The physical and cognitive decline that occurs during aging translates to an inability to carry out daily living tasks with consequent impacts on social relationships and quality of life. This has prompted the design of programs for this population sector targeted at improving functional health and promoting the independence of the elderly in their environment. In this context, routine physical exercise plays a major role in the life quality and expectancy of older adults (Blain et al., 2000; Katula et al., 2008; Poon and Fung, 2008; Vogel et al. 2009).

A lack of agility and dynamic balance (gross motor abilities) is a significant risk factor for loss of independence and increases the risk of falls. Balance also affects daily living activities such as standing, bending, climbing stairs, walking or responding to external stimuli (Sturnieks et al., 2008). The reason for this is the progressive deterioration in neurophysical skills that occurs with age, impairing sensory-motor functions and producing deficiencies in perception, muscle and cognitive function, and thus affecting balance and the risk of falling (Sturnieks et al., 2008). Regularly practicing some form of physical exercise reduces the risk of falls (Howe et al., 2007), essentially because of improved muscular strength, agility, dynamic balance and coordination (Blain et al., 2000; Karinkanta et al., 2009; Orr et al., 2008) and also helps preserve cognitive skills (Angevaren et al., 2008; Blain et al., 2000; Brisswalter et al., 2002; Colcombe and Kramer, 2003; Liu-Ambrose and Donaldson., 2009; Williamson et al. 2009). Indeed, different exercise programs seem to achieve proportional changes in physical condition and cognition in older adults (Berryman et al, 2014). However, the physiological pathway of these results displays a large variety of mechanisms liked with their cognitive impact, which nowadays should be clarified (Berryman et al., 2014; Voelcker-Rehage et al., 2010).

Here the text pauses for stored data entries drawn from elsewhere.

theorem mainTheorem9:
  fixes sm1 :: "'k::field_char_0 \<Rightarrow> 'a::ring_1 \<Rightarrow> 'a"
    and sm2 :: "'k \<Rightarrow> 'b::ring_1 \<Rightarrow> 'b"
    and I :: "'i set"
    and e1 :: "'i \<Rightarrow> 'a" and e2 :: "'i \<Rightarrow> 'b"
    and dbr1 :: "'a \<Rightarrow> 'a \<Rightarrow> ('a, 'k) tens2"
    and dbr2 :: "'b \<Rightarrow> 'b \<Rightarrow> ('b, 'k) tens2"
    and \<phi> :: "'a \<Rightarrow> 'b" and \<mu>1 :: 'a and \<mu>2 :: 'b
  assumes "k_algebra sm1" and "fin_gen sm1"
    and "k_algebra sm2" and "fin_gen sm2"
    and "idem_system e1 I" and "idem_system e2 I"
    and "double_poisson sm1 e1 I dbr1"
    and "double_poisson sm2 e2 I dbr2"
    and "dp_iso sm1 e1 dbr1 sm2 e2 dbr2 I \<phi>"
    and "moment_map sm1 e1 I dbr1 \<mu>1"
    and "moment_map sm2 e2 I dbr2 \<mu>2"
  shows "\<mu>2 - \<phi> \<mu>1 \<in> Bset sm2 e2 I
    \<and> Cas dbr1 = Bset sm1 e1 I
    \<and> Cas dbr2 = Bset sm2 e2 I
    \<and> (\<forall>\<mu>'. moment_map sm1 e1 I dbr1 \<mu>' \<longrightarrow> \<mu>' - \<mu>1 \<in> Bset sm1 e1 I)"
proof -
  have db1: "double_bracket sm1 e1 I dbr1" and db2: "double_bracket sm2 e2 I dbr2"
    using assms(7,8) unfolding double_poisson_def by blast+
  have Cas1: "Cas dbr1 = Bset sm1 e1 I"
    using Cas_eq_Bset[OF assms(1,5) db1 assms(10)] .
  have Cas2: "Cas dbr2 = Bset sm2 e2 I"
    using Cas_eq_Bset[OF assms(3,6) db2 assms(11)] .
  show ?thesis
    using dp_iso_moment_map_diff_in_Cas[OF assms(9) db1 db2 assms(10,11)]
      moment_map_diff_in_Cas[OF db1 assms(10)] Cas1 Cas2 by blast
qed

end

The available data indicates a direct link between improved cognitive performance and training programs designed to improve cardiovascular fitness (Colcombe & Kramer, 2003), strength and balance (Araya, 2011). However, there is no general consensus regarding the details of the most appropriate fitness training program (including the best intervention type, length of exercise program, session duration, etc.) or of its effects on indicators of cognitive function. Some of these indicators are simple reaction time (S-RT) (Dustman et al. 1984), choice reaction time (C-RT) (Van Boxtel et al., 1997), or visual-spatial tasks (Shay and Roth, 1992), which are considered as key markers of the functional independence of the elderly (Colcombe and Kramer, 2003). Training programs for older adults have been mostly based on exercises designed to improve cardiovascular fitness and muscular strength (de Vreede et al., 2005; Kalapotarakos et al., 2006; Katula, et al. 2008; Liu-Ambrose and Donaldson, 2009; Van Boxtel et al., 1997). However, it has not always been possible to correlate such improvements with a capacity to better carry out daily living tasks. Some authors propose the inclusion of functional exercises (multi-joint motor tasks that involve several body parts) in interventions planned for older adults (de Bruin and Murer, 2007; de Vreede et al. 2005) though their effects on cognitive performance and general fitness have not yet been established.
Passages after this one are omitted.